Pedem-nos a palavra também os pratos nas paredes – caminhos constantes de viagens e peregrinações temporais. Falam, os pratos, um idioma branco de louça que – por mais incrível que possa parecer – aprendemos a reconhecer vocábulo a vocábulo. Sabem, os pratos, por assim serem, do frio das salas em noites de apreensão e notícias más. Sabem, os pratos, também, do calor das alegrias, das festas regadas a conversas, a risos e a esbarrões que num sem-fim de vezes quase os derrubavam e os destruíam. Sabem, os pratos, da solidão diurna do sol na cortina da sala – quando os ciclos no carrilhão fecham-se canoros e sozinhos volta a volta. Sabem, os pratos, das mais secretas confissões, das mais misteriosas juras, das mais sigilosas combinações. Do alto de sua lacunar presença empratada, observam os pratos nas paredes o vai e vem do existir que sempre volta, ponteiro a ponteiro, para um novo e triste recomeço.

Lançam-nos perguntas à queima-roupa também os copos, os talheres, a velha geladeira que quase já não gela, o forno torto de tantos assados domingueiros, as cadeiras amolecidas pelo peso dos acontecidos que sobre elas (e sobre todos) se assentaram no desenrolar dos anos vividos. O velho guardanapo estendido sobre o fogão enxuga as histórias e as lágrimas que viu e ouviu. Assobia de tristeza e saudade a chaleira aquecida pelas manhãs outonais e de inverno morno, relembrando o tempo quando as crianças eram acordadas logo cedinho para se preparem para a escola (e a casa corria pré-aquecida por um vapor melódico, pelo ruidoso arrulhar de sacos de pão feito pombas, por tiritar de chaves de cristais, por motores de carro cheios de pressa e de horas perdidas). Abordam-nos sobre as estações de outrora idas a cozinha toda, a nos acusar também – sem maiores preocupações de consciência, direito ou justiça –, num apontar de dedos que sepulta em definitivo o que já se foi, o que já não é mais.

Pelas janelas do existir, enxequetada de grades, ouço ainda vindo no ar os latidos dos cães que se foram. A voz grossa deles correndo pelo quintal, o arrastar de vasilhas, os passos-pegadas em patas patinhadas no ladrilho sereno da área que antecede a porta da cozinha. O inspirar com força bruta entre as frestas do debaixo da casa. O choro em gemido desejando entrada. A alegria infantil a erguer do chão quilos e quilos caninos, felizes apenas por ganharem um pedaço de pão. Ouço, sim, e ainda, os graves caninos a babarem sua presença viva, dócil, angelical e sentida. Ouço também por sobre os muros os cães vizinhos, a responderem matutinas exclamações uivantes que sonoras e lamentosas. E perguntam-me todos eles, hoje, o que fiz eu do tempo que tinham – o qual nunca pude parar. Perguntam-me como pude deixar que se fossem como os meses em sequência, num sempre sem-parar sem pausa ou repetição. Perguntam-me como. E latem-me interrogativos porquês. E eu, sem latido-explicação, não respondo a nada.

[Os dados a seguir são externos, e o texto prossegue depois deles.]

definition pres_class :: "'a set \<Rightarrow> ('a word \<times> 'a word) set \<Rightarrow> 'a word \<Rightarrow> 'a word set" where
  "pres_class Xg Rl w = {v \<in> gen_words Xg. pres_eq Xg Rl w v}"

definition presented_group :: "'a set \<Rightarrow> ('a word \<times> 'a word) set \<Rightarrow> 'a word set monoid" where
  "presented_group Xg Rl =
     \<lparr> carrier = pres_class Xg Rl ` gen_words Xg,
       monoid.mult = (\<lambda>A B. {w \<in> gen_words Xg. \<exists>a\<in>A. \<exists>b\<in>B. pres_eq Xg Rl w (a @ b)}),
       monoid.one = pres_class Xg Rl [] \<rparr>"

definition gen_pow_word :: "'a \<Rightarrow> int \<Rightarrow> 'a word" where
  "gen_pow_word x n = replicate (nat \<bar>n\<bar>) (x, n < 0)"

definition bij_int_pow :: "'a set \<Rightarrow> ('a \<Rightarrow> 'a) \<Rightarrow> int \<Rightarrow> 'a \<Rightarrow> 'a" where
  "bij_int_pow P f n = (if 0 \<le> n then f ^^ nat n else the_inv_into P f ^^ nat (- n))"
lemma grz_frame_accessible: "grz_frame worlds accessible"
  unfolding grz_frame_def
proof (intro conjI)
  show "transp accessible"
    unfolding accessible_def by (rule transpI) (auto dest: psubset_trans)
  show "wfp (\<lambda>v w. accessible w v \<and> w \<noteq> v)"
  proof (rule wfp_if_convertible_to_nat)
    fix v w assume "accessible w v \<and> w \<noteq> v"
    then have "fst w \<inter> range Box \<subset> fst v \<inter> range Box" "fst v \<subseteq> Sub_Grz"
      unfolding accessible_def using worlds_subset_Sub_Grz by auto
    then show "card (Sub_Grz \<inter> range Box - fst v) < card (Sub_Grz \<inter> range Box - fst w)"
      using finite_Sub_Grz by (intro psubset_card_mono) auto
  qed
qed (auto simp: accessible_def)

lemma truth_lemma:
  assumes "(G, D) \<in> worlds"
  shows "(A \<in> G \<longrightarrow> sat accessible val (G, D) A) \<and> (A \<in> D \<longrightarrow> \<not> sat accessible val (G, D) A)"
  using assms
proof (induction A arbitrary: G D)
  case Bot
  then show ?case using worlds_Bot by auto
next
  case (Atom p)
  then show ?case using worlds_disjoint[of G D "Atom p"] by (auto simp: val_def)
next
  case (Imp A B)
  show ?case
    using Imp.IH(1)[OF Imp.prems] Imp.IH(2)[OF Imp.prems] worlds_ImpL[OF Imp.prems]
      worlds_ImpR[OF Imp.prems]
    by auto
next
  case (Box A)
  have "sat accessible val (G, D) (Box A)" if "Box A \<in> G"
    unfolding sat.simps
  proof (intro allI impI)
    fix v assume acc: "accessible (G, D) v"
    obtain G' D' where v: "v = (G', D')" by fastforce
    have "(G', D') \<in> worlds" using acc v by (simp add: accessible_def)
    moreover have "Box A \<in> G'" using acc v that by (auto simp: accessible_def)
    ultimately show "sat accessible val v A" using Box.IH worlds_BoxL v by blast
  qed
  moreover have "\<not> sat accessible val (G, D) (Box A)" if BoxD: "Box A \<in> D"
  proof (cases "Box (Imp A (Box A)) \<in> G")
    case True
    then have "A \<in> D \<or> Box A \<in> G" using worlds_BoxL worlds_ImpL Box.prems by blast
    then have "A \<in> D" using worlds_disjoint Box.prems BoxD by blast
    then have "\<not> sat accessible val (G, D) A" using Box.IH Box.prems by blast
    moreover have "accessible (G, D) (G, D)" using Box.prems by (simp add: accessible_def)
    ultimately show ?thesis by auto
  next
    case False
    obtain G' D' where world': "(G', D') \<in> worlds" and "G \<inter> range Box \<subseteq> G'"
      and "Box (Imp A (Box A)) \<in> G'" and "A \<in> D'"
      using worlds_BoxR[OF Box.prems BoxD] by blast
    with False Box.prems have "accessible (G, D) (G', D')" by (auto simp: accessible_def)
    moreover have "\<not> sat accessible val (G', D') A" using Box.IH[OF world'] \<open>A \<in> D'\<close> by blast
    ultimately show ?thesis by auto
  qed
  ultimately show ?case by blast
qed
theorem lemma2p1:
  fixes \<Omega> :: "'a measure"
    and P :: "((real ^ 'p::finite) \<times> real) \<Rightarrow> 'a measure"
    and K :: "((real ^ 'p) \<times> real) set"
    and S :: "nat \<Rightarrow> nat \<Rightarrow> 'a \<Rightarrow> real"
    and C :: "nat \<Rightarrow> 'a \<Rightarrow> real"
    and x :: "nat \<Rightarrow> nat \<Rightarrow> 'a \<Rightarrow> 'c"
    and Xsp :: "'c measure"
    and \<mu> V :: "nat \<Rightarrow> nat \<Rightarrow> real ^ 'p \<Rightarrow> 'a \<Rightarrow> real"
    and \<eta> :: "(real ^ 'p) \<times> real"
    and g :: "'a \<Rightarrow> real"
    and i j :: nat
  assumes prob: "\<And>\<eta>'. \<eta>' \<in> K \<Longrightarrow> prob_space (P \<eta>')"
    and sets_P: "\<And>\<eta>'. \<eta>' \<in> K \<Longrightarrow> sets (P \<eta>') = sets \<Omega>"
    and S_meas: "\<And>i l. S i l \<in> borel_measurable \<Omega>"
    and x_meas: "\<And>i l. x i l \<in> measurable \<Omega> Xsp"
    and C_meas: "\<And>i. C i \<in> borel_measurable \<Omega>"
    and S0: "\<And>i \<omega>. \<omega> \<in> space \<Omega> \<Longrightarrow> S i 0 \<omega> = 0"
    and S_incr: "\<And>i l \<omega>. \<omega> \<in> space \<Omega> \<Longrightarrow> S i l \<omega> < S i (Suc l) \<omega>"
    and C_pos: "\<And>i \<omega>. \<omega> \<in> space \<Omega> \<Longrightarrow> 0 < C i \<omega>"
    and Y_sq: "\<And>\<eta>' i j. \<eta>' \<in> K \<Longrightarrow> 1 \<le> i \<Longrightarrow> 1 \<le> j \<Longrightarrow>
                 integrable (P \<eta>') (\<lambda>\<omega>. (gap S i j \<omega>)\<^sup>2)"
    and \<mu>_meas: "\<And>\<eta>' i j. \<eta>' \<in> K \<Longrightarrow> 1 \<le> i \<Longrightarrow> 1 \<le> j \<Longrightarrow>
                 \<mu> i j (fst \<eta>') \<in> borel_measurable (F_alg \<Omega> S x Xsp i (j - 1))"
    and V_meas: "\<And>\<eta>' i j. \<eta>' \<in> K \<Longrightarrow> 1 \<le> i \<Longrightarrow> 1 \<le> j \<Longrightarrow>
                 V i j (fst \<eta>') \<in> borel_measurable (F_alg \<Omega> S x Xsp i (j - 1))"
    and V_pos: "\<And>\<eta>' i j \<omega>. \<eta>' \<in> K \<Longrightarrow> 1 \<le> i \<Longrightarrow> 1 \<le> j \<Longrightarrow> \<omega> \<in> space \<Omega> \<Longrightarrow>
                 0 < V i j (fst \<eta>') \<omega>"
    and mean_F: "\<And>\<eta>' i j. \<eta>' \<in> K \<Longrightarrow> 1 \<le> i \<Longrightarrow> 1 \<le> j \<Longrightarrow>
                 AE \<omega> in P \<eta>'. real_cond_exp (P \<eta>') (F_alg \<Omega> S x Xsp i (j - 1)) (gap S i j) \<omega>
                                 = \<mu> i j (fst \<eta>') \<omega>"
    and var_F: "\<And>\<eta>' i j. \<eta>' \<in> K \<Longrightarrow> 1 \<le> i \<Longrightarrow> 1 \<le> j \<Longrightarrow>
                 AE \<omega> in P \<eta>'. real_cond_exp (P \<eta>') (F_alg \<Omega> S x Xsp i (j - 1))
                     (\<lambda>\<omega>. (gap S i j \<omega> - \<mu> i j (fst \<eta>') \<omega>)\<^sup>2) \<omega>
                   = snd \<eta>' * (V i j (fst \<eta>') \<omega>)\<^sup>2"
    and mean_G: "\<And>\<eta>' i j. \<eta>' \<in> K \<Longrightarrow> 1 \<le> i \<Longrightarrow> 1 \<le> j \<Longrightarrow>
                 AE \<omega> in P \<eta>'. real_cond_exp (P \<eta>') (G_alg \<Omega> S x Xsp C i (j - 1)) (gap S i j) \<omega>
                                 = real_cond_exp (P \<eta>') (F_alg \<Omega> S x Xsp i (j - 1)) (gap S i j) \<omega>"
    and var_G: "\<And>\<eta>' i j. \<eta>' \<in> K \<Longrightarrow> 1 \<le> i \<Longrightarrow> 1 \<le> j \<Longrightarrow>
                 AE \<omega> in P \<eta>'.
                   real_cond_exp (P \<eta>') (G_alg \<Omega> S x Xsp C i (j - 1))
                     (\<lambda>\<omega>. (gap S i j \<omega>
                        - real_cond_exp (P \<eta>') (G_alg \<Omega> S x Xsp C i (j - 1)) (gap S i j) \<omega>)\<^sup>2) \<omega>
                 = real_cond_exp (P \<eta>') (F_alg \<Omega> S x Xsp i (j - 1))
                     (\<lambda>\<omega>. (gap S i j \<omega>
                        - real_cond_exp (P \<eta>') (F_alg \<Omega> S x Xsp i (j - 1)) (gap S i j) \<omega>)\<^sup>2) \<omega>"
    and \<eta>K: "\<eta> \<in> K"
    and ij: "1 \<le> i" "1 \<le> j"
    and g_meas: "g \<in> borel_measurable (G_alg \<Omega> S x Xsp C i (j - 1))"
    and int1: "integrable (P \<eta>) (\<lambda>\<omega>. g \<omega> * Zres S \<mu> V i j (fst \<eta>) \<omega> * Icen S C i j \<omega>)"
    and int2: "integrable (P \<eta>) (\<lambda>\<omega>. g \<omega> * Zres S \<mu> V i j (fst \<eta>) \<omega> * Iobs S C i j \<omega>)"
    and int3: "integrable (P \<eta>)
                 (\<lambda>\<omega>. g \<omega> * ((Zres S \<mu> V i j (fst \<eta>) \<omega>)\<^sup>2 - snd \<eta>) * Icen S C i j \<omega>)"
    and int4: "integrable (P \<eta>)
                 (\<lambda>\<omega>. g \<omega> * ((Zres S \<mu> V i j (fst \<eta>) \<omega>)\<^sup>2 - snd \<eta>) * Iobs S C i j \<omega>)"
  shows "(AE \<omega> in P \<eta>.
            real_cond_exp (P \<eta>) (G_alg \<Omega> S x Xsp C i (j - 1))
              (\<lambda>\<omega>. g \<omega> * Zres S \<mu> V i j (fst \<eta>) \<omega> * Icen S C i j \<omega>) \<omega>
          = - real_cond_exp (P \<eta>) (G_alg \<Omega> S x Xsp C i (j - 1))
              (\<lambda>\<omega>. g \<omega> * Zres S \<mu> V i j (fst \<eta>) \<omega> * Iobs S C i j \<omega>) \<omega>)
       \<and> (AE \<omega> in P \<eta>.
            real_cond_exp (P \<eta>) (G_alg \<Omega> S x Xsp C i (j - 1))
              (\<lambda>\<omega>. g \<omega> * ((Zres S \<mu> V i j (fst \<eta>) \<omega>)\<^sup>2 - snd \<eta>) * Icen S C i j \<omega>) \<omega>
          = - real_cond_exp (P \<eta>) (G_alg \<Omega> S x Xsp C i (j - 1))
              (\<lambda>\<omega>. g \<omega> * ((Zres S \<mu> V i j (fst \<eta>) \<omega>)\<^sup>2 - snd \<eta>) * Iobs S C i j \<omega>) \<omega>)"
proof -
  let ?M = "P \<eta>" and ?F = "F_alg \<Omega> S x Xsp i (j - 1)" and ?G = "G_alg \<Omega> S x Xsp C i (j - 1)"
  let ?Y = "gap S i j" and ?m = "\<mu> i j (fst \<eta>)" and ?v = "V i j (fst \<eta>)"
  interpret prob_space ?M using prob[OF \<eta>K] .
  have sets_M: "sets ?M = sets \<Omega>" using sets_P[OF \<eta>K] .
  have space_M: "space ?M = space \<Omega>" using sets_eq_imp_space_eq[OF sets_M] .
  have MG: "subalgebra ?M ?G" using subalgebra_G_alg[OF sets_M S_meas x_meas C_meas] .
  have GF: "subalgebra ?G ?F" by (rule subalgebra_G_alg_F_alg)
  interpret G: finite_measure_subalgebra ?M ?G
    by (rule finite_measure_subalgebraI[OF _ MG]) unfold_locales
  note F_meas = \<mu>_meas[OF \<eta>K ij] V_meas[OF \<eta>K ij]
  have m_G [measurable]: "?m \<in> borel_measurable ?G" and v_G [measurable]: "?v \<in> borel_measurable ?G"
    using measurable_from_subalg[OF GF F_meas(1)] measurable_from_subalg[OF GF F_meas(2)] .
  have Y_M [measurable]: "?Y \<in> borel_measurable ?M"
    unfolding measurable_cong_sets[OF sets_M refl] gap_def using S_meas by simp
  have [measurable]: "g \<in> borel_measurable ?G" "?m \<in> borel_measurable ?M" "?v \<in> borel_measurable ?M"
    using g_meas measurable_from_subalg[OF MG m_G] measurable_from_subalg[OF MG v_G] by simp_all
  have centred: "AE \<omega> in ?M. real_cond_exp ?M ?G (\<lambda>\<omega>. ?Y \<omega> - ?m \<omega>) \<omega> = 0"
    "AE \<omega> in ?M. real_cond_exp ?M ?G (\<lambda>\<omega>. (?Y \<omega> - ?m \<omega>)\<^sup>2 - snd \<eta> * (?v \<omega>)\<^sup>2) \<omega> = 0"
    using F_meas by (intro centred_moments_real_cond_exp[OF finite_measure_axioms MG GF Y_M
          Y_sq[OF \<eta>K ij] _ _ mean_F[OF \<eta>K ij] mean_G[OF \<eta>K ij] var_F[OF \<eta>K ij]
          var_G[OF \<eta>K ij]]; measurable)+
  have incr: "S i (j - 1) \<omega> < S i j \<omega>" and v_pos: "0 < ?v \<omega>" if "\<omega> \<in> space ?M" for \<omega>
    using S_incr[of \<omega> i "j - 1"] V_pos[OF \<eta>K ij, of \<omega>] that ij space_M by simp_all
  have at_risk: "{\<omega> \<in> space ?M. S i (j - 1) \<omega> < C i \<omega>} \<in> sets ?G"
    unfolding space_M using S0 C_pos by (intro at_risk_set_in_G_alg) simp
  have c_G: "(\<lambda>\<omega>. g \<omega> / ?v \<omega>) \<in> borel_measurable ?G"
      "(\<lambda>\<omega>. g \<omega> / (?v \<omega>)\<^sup>2) \<in> borel_measurable ?G"
    and D_M: "(\<lambda>\<omega>. ?Y \<omega> - ?m \<omega>) \<in> borel_measurable ?M"
      "(\<lambda>\<omega>. (?Y \<omega> - ?m \<omega>)\<^sup>2 - snd \<eta> * (?v \<omega>)\<^sup>2) \<in> borel_measurable ?M"
    by measurable
  have Z_factor: "g \<omega> * Zres S \<mu> V i j (fst \<eta>) \<omega> = g \<omega> / ?v \<omega> * (?Y \<omega> - ?m \<omega>)" for \<omega>
    unfolding Zres_def by simp
  have Z2_factor: "g \<omega> * ((Zres S \<mu> V i j (fst \<eta>) \<omega>)\<^sup>2 - snd \<eta>)
      = g \<omega> / (?v \<omega>)\<^sup>2 * ((?Y \<omega> - ?m \<omega>)\<^sup>2 - snd \<eta> * (?v \<omega>)\<^sup>2)" if "\<omega> \<in> space ?M" for \<omega>
    unfolding Zres_def using v_pos[OF that] by (simp add: field_simps)
  show ?thesis
    using G.real_cond_exp_mult_Icen_eq_neg_Iobs[OF incr at_risk Z_factor c_G(1) D_M(1) centred(1)
        int1 int2]
      G.real_cond_exp_mult_Icen_eq_neg_Iobs[OF incr at_risk Z2_factor c_G(2) D_M(2) centred(2)
        int3 int4]
    by simp
qed
text \<open>Strict coordinatewise order on R^t (index type 't, t = CARD('t)).\<close>
definition vprec :: "real^'t \<Rightarrow> real^'t \<Rightarrow> bool" where
  "vprec x y \<longleftrightarrow> (\<forall>i. x $ i < y $ i)"

definition qc_adj :: "((real^'t) \<times> (real^'t)) \<Rightarrow> ((real^'t) \<times> (real^'t)) \<Rightarrow> bool" where
  "qc_adj u v \<longleftrightarrow> u \<noteq> v \<and> (vprec (fst u) (snd v) \<or> vprec (fst v) (snd u))"

definition is_clique :: "('a \<Rightarrow> 'a \<Rightarrow> bool) \<Rightarrow> 'a set \<Rightarrow> bool" where
  "is_clique E K \<longleftrightarrow> (\<forall>u\<in>K. \<forall>v\<in>K. u \<noteq> v \<longrightarrow> E u v)"

definition proper_colouring :: "('a \<Rightarrow> 'a \<Rightarrow> bool) \<Rightarrow> 'a set \<Rightarrow> ('a \<Rightarrow> nat) \<Rightarrow> nat \<Rightarrow> bool" where
  "proper_colouring E V c k \<longleftrightarrow>
     (\<forall>v\<in>V. c v < k) \<and> (\<forall>u\<in>V. \<forall>v\<in>V. E u v \<longrightarrow> c u \<noteq> c v)"

definition chromatic_number :: "('a \<Rightarrow> 'a \<Rightarrow> bool) \<Rightarrow> 'a set \<Rightarrow> nat" where
  "chromatic_number E V = (LEAST k. \<exists>c. proper_colouring E V c k)"

end

theory Submission
  imports Defs
begin

text \<open>
  A vertex is a box: coordinate \<open>i\<close> contributes the pair \<open>(x i, y i)\<close>, and \<open>u\<close> points to \<open>v\<close>
  when \<open>x\<^sub>u i < y\<^sub>v i\<close> for every \<open>i\<close>. The coordinates are eliminated one at a time, keeping an
  auxiliary relation \<open>P\<close> that is either full or a strict order. For the current coordinate
  \<open>(a, b)\<close>, on the vertices with \<open>b u \<le> a u\<close> the constraint \<open>a u < b v\<close> is itself a strict
  order and is absorbed into \<open>P\<close>. The remaining vertices carry nonempty intervals
  \<open>[a u, b u)\<close>; an edge either joins overlapping intervals, or satisfies \<open>b u \<le> a v\<close>, again a
  strict order absorbed into \<open>P\<close>. The two kinds of edges are coloured separately and the
  colourings multiplied. For overlapping intervals, split at a median point: the intervals
  containing it pairwise overlap, so the first coordinate imposes nothing on them, and the
  intervals entirely to its left or right do not interact; recursing costs a factor
  \<open>log n\<close>. Once all coordinates are gone, the graph is complete or the comparability
  graph of a strict order, and has chromatic number below \<open>s\<close> (Mirsky). The recursion
  \<open>K \<mapsto> K + K \<cdot> log n \<cdot> K\<close> yields a bound polynomial in \<open>s\<close> and \<open>log n\<close>.
\<close>

definition colourable :: "('a \<Rightarrow> 'a \<Rightarrow> bool) \<Rightarrow> 'a set \<Rightarrow> nat \<Rightarrow> bool" where
  "colourable E V k \<longleftrightarrow> (\<exists>c. proper_colouring E V c k)"

definition clique_free :: "('a \<Rightarrow> 'a \<Rightarrow> bool) \<Rightarrow> 'a set \<Rightarrow> nat \<Rightarrow> bool" where
  "clique_free E V s \<longleftrightarrow> \<not> (\<exists>K\<subseteq>V. card K = s \<and> is_clique E K)"

lemma colourable_subgraph:
  assumes "colourable E V k" "W \<subseteq> V" "\<And>u v. u \<in> W \<Longrightarrow> v \<in> W \<Longrightarrow> E' u v \<Longrightarrow> E u v"
  shows "colourable E' W k"
  using assms unfolding colourable_def proper_colouring_def by blast

lemma colourable_empty: "colourable E {} 0"
  unfolding colourable_def proper_colouring_def by simp

lemma colourable_Un:
  assumes "colourable E V k" "colourable E W l"
  shows "colourable E (V \<union> W) (k + l)"
proof -
  obtain c d where c: "proper_colouring E V c k" and d: "proper_colouring E W d l"
    using assms unfolding colourable_def by blast
  have "proper_colouring E (V \<union> W) (\<lambda>v. if v \<in> V then c v else k + d v) (k + l)"
    using c d unfolding proper_colouring_def by (auto split: if_splits)
  then show ?thesis unfolding colourable_def by blast
qed

lemma colourable_Un_nonadjacent:
  assumes "colourable E V k" "colourable E W k"
    and "\<And>u v. u \<in> V \<Longrightarrow> v \<in> W \<Longrightarrow> \<not> E u v \<and> \<not> E v u"
  shows "colourable E (V \<union> W) k"
proof -
  obtain c d where c: "proper_colouring E V c k" and d: "proper_colouring E W d k"
    using assms unfolding colourable_def by blast
  have "proper_colouring E (V \<union> W) (\<lambda>v. if v \<in> V then c v else d v) k"
    using c d assms(3) unfolding proper_colouring_def by (auto split: if_splits)
  then show ?thesis unfolding colourable_def by blast
qed

lemma colourable_edge_Un:
  assumes "colourable E\<^sub>1 V k\<^sub>1" "colourable E\<^sub>2 V k\<^sub>2"
    and "\<And>u v. u \<in> V \<Longrightarrow> v \<in> V \<Longrightarrow> E u v \<Longrightarrow> E\<^sub>1 u v \<or> E\<^sub>2 u v"
  shows "colourable E V (k\<^sub>1 * k\<^sub>2)"
proof -
  obtain c\<^sub>1 c\<^sub>2 where c\<^sub>1: "proper_colouring E\<^sub>1 V c\<^sub>1 k\<^sub>1" and c\<^sub>2: "proper_colouring E\<^sub>2 V c\<^sub>2 k\<^sub>2"
    using assms unfolding colourable_def by blast
  define c where "c v = c\<^sub>1 v * k\<^sub>2 + c\<^sub>2 v" for v
  have c_div: "c v div k\<^sub>2 = c\<^sub>1 v" and c_mod: "c v mod k\<^sub>2 = c\<^sub>2 v" if "v \<in> V" for v
    using c\<^sub>2 that unfolding c_def proper_colouring_def by auto
  have "c v < k\<^sub>1 * k\<^sub>2" if "v \<in> V" for v
  proof -
    have "c\<^sub>1 v < k\<^sub>1" "c\<^sub>2 v < k\<^sub>2" using c\<^sub>1 c\<^sub>2 that unfolding proper_colouring_def by auto
    then have "c\<^sub>1 v * k\<^sub>2 + c\<^sub>2 v < (c\<^sub>1 v + 1) * k\<^sub>2" by simp
    also have "\<dots> \<le> k\<^sub>1 * k\<^sub>2" using \<open>c\<^sub>1 v < k\<^sub>1\<close> by (intro mult_right_mono) auto
    finally show ?thesis unfolding c_def .
  qed
  moreover have "c u \<noteq> c v" if "u \<in> V" "v \<in> V" "E u v" for u v
    using c\<^sub>1 c\<^sub>2 assms(3)[OF that] that c_div c_mod unfolding proper_colouring_def by metis
  ultimately show ?thesis unfolding colourable_def proper_colouring_def by blast
qed

lemma clique_free_subgraph:
  assumes "clique_free E V s" "W \<subseteq> V" "\<And>u v. u \<in> W \<Longrightarrow> v \<in> W \<Longrightarrow> E' u v \<Longrightarrow> E u v"
  shows "clique_free E' W s"
proof -
  have "is_clique E K" if "K \<subseteq> W" "is_clique E' K" for K
    using that assms(3) unfolding is_clique_def by blast
  then show ?thesis using assms(1,2) unfolding clique_free_def by blast
qed

lemma card_clique_less:
  assumes "clique_free E V s" "C \<subseteq> V" "is_clique E C"
  shows "card C < s"
proof (rule ccontr)
  assume "\<not> card C < s"
  then obtain K where "K \<subseteq> C" "card K = s" by (meson not_less obtain_subset_with_card_n)
  with assms show False unfolding clique_free_def is_clique_def by blast
qed

lemma colourable_card:
  assumes "finite V" "irreflp_on V E" "card V \<le> k"
  shows "colourable E V k"
proof -
  obtain f where f: "bij_betw f V {..<card V}"
    using assms(1) by (metis ex_bij_betw_finite_nat atLeast0LessThan)
  have "f v < k" if "v \<in> V" for v
    using f that assms(3) unfolding bij_betw_def by (metis imageI lessThan_iff order_less_le_trans)
  moreover have "f u \<noteq> f v" if "u \<in> V" "v \<in> V" "E u v" for u v
    using f that assms(2) unfolding bij_betw_def inj_on_def irreflp_on_def by metis
  ultimately show ?thesis unfolding colourable_def proper_colouring_def by blast
qed

definition comparability :: "('a \<Rightarrow> 'a \<Rightarrow> bool) \<Rightarrow> 'a \<Rightarrow> 'a \<Rightarrow> bool" where
  "comparability R u v \<longleftrightarrow> u \<noteq> v \<and> (R u v \<or> R v u)"

lemma irreflp_on_comparability: "irreflp_on V (comparability R)"
  unfolding irreflp_on_def comparability_def by simp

É sempre assim. Há conversas que não conseguimos deixar de ter. E, dentre elas, as mais profundas e exaustivas talvez sejam as que derrubamos dos livros das estantes ou dos discos das velhas vitrolas a volatizarem luzes. Nos discos, há voltas em faixas às quais achamos que para elas nunca mais voltaremos outra vez. Mas, vez por outra, lá estamos nós. Voltados ao que amamos, a girar cantantes numa conversa infinda – às vezes triste, às vezes doce, mas sempre linda. Já as estantes, essas são sempre perigosas em seu palavrear letrado e cheio. Atiram-nos versos na cara, ferem-nos com prosas ácidas, acuam-nos com palavras fatais. Querem tudo de nós a qualquer custo – e nos dão tudo o que tem também. Contam-nos como o existir é dinâmico e diferente quando o temos nas mãos. Depois, cansados de nós, atiram-nos como pedras na realidade campestre do jardim do existir – cru e desfeito de graças.

Sim. Há conversas que não devíamos ter, nunca. Diante delas, sempre, muito cuidado. Porque – parodiando um mestre-poeta –, nesses casos, conversar é estar doente dos olhos.

(Texto publicado em A Tribuna Piracicabana – 29 de maio de 2018).

 

 


Alexandre Bragion é editor do Diário do Engenho.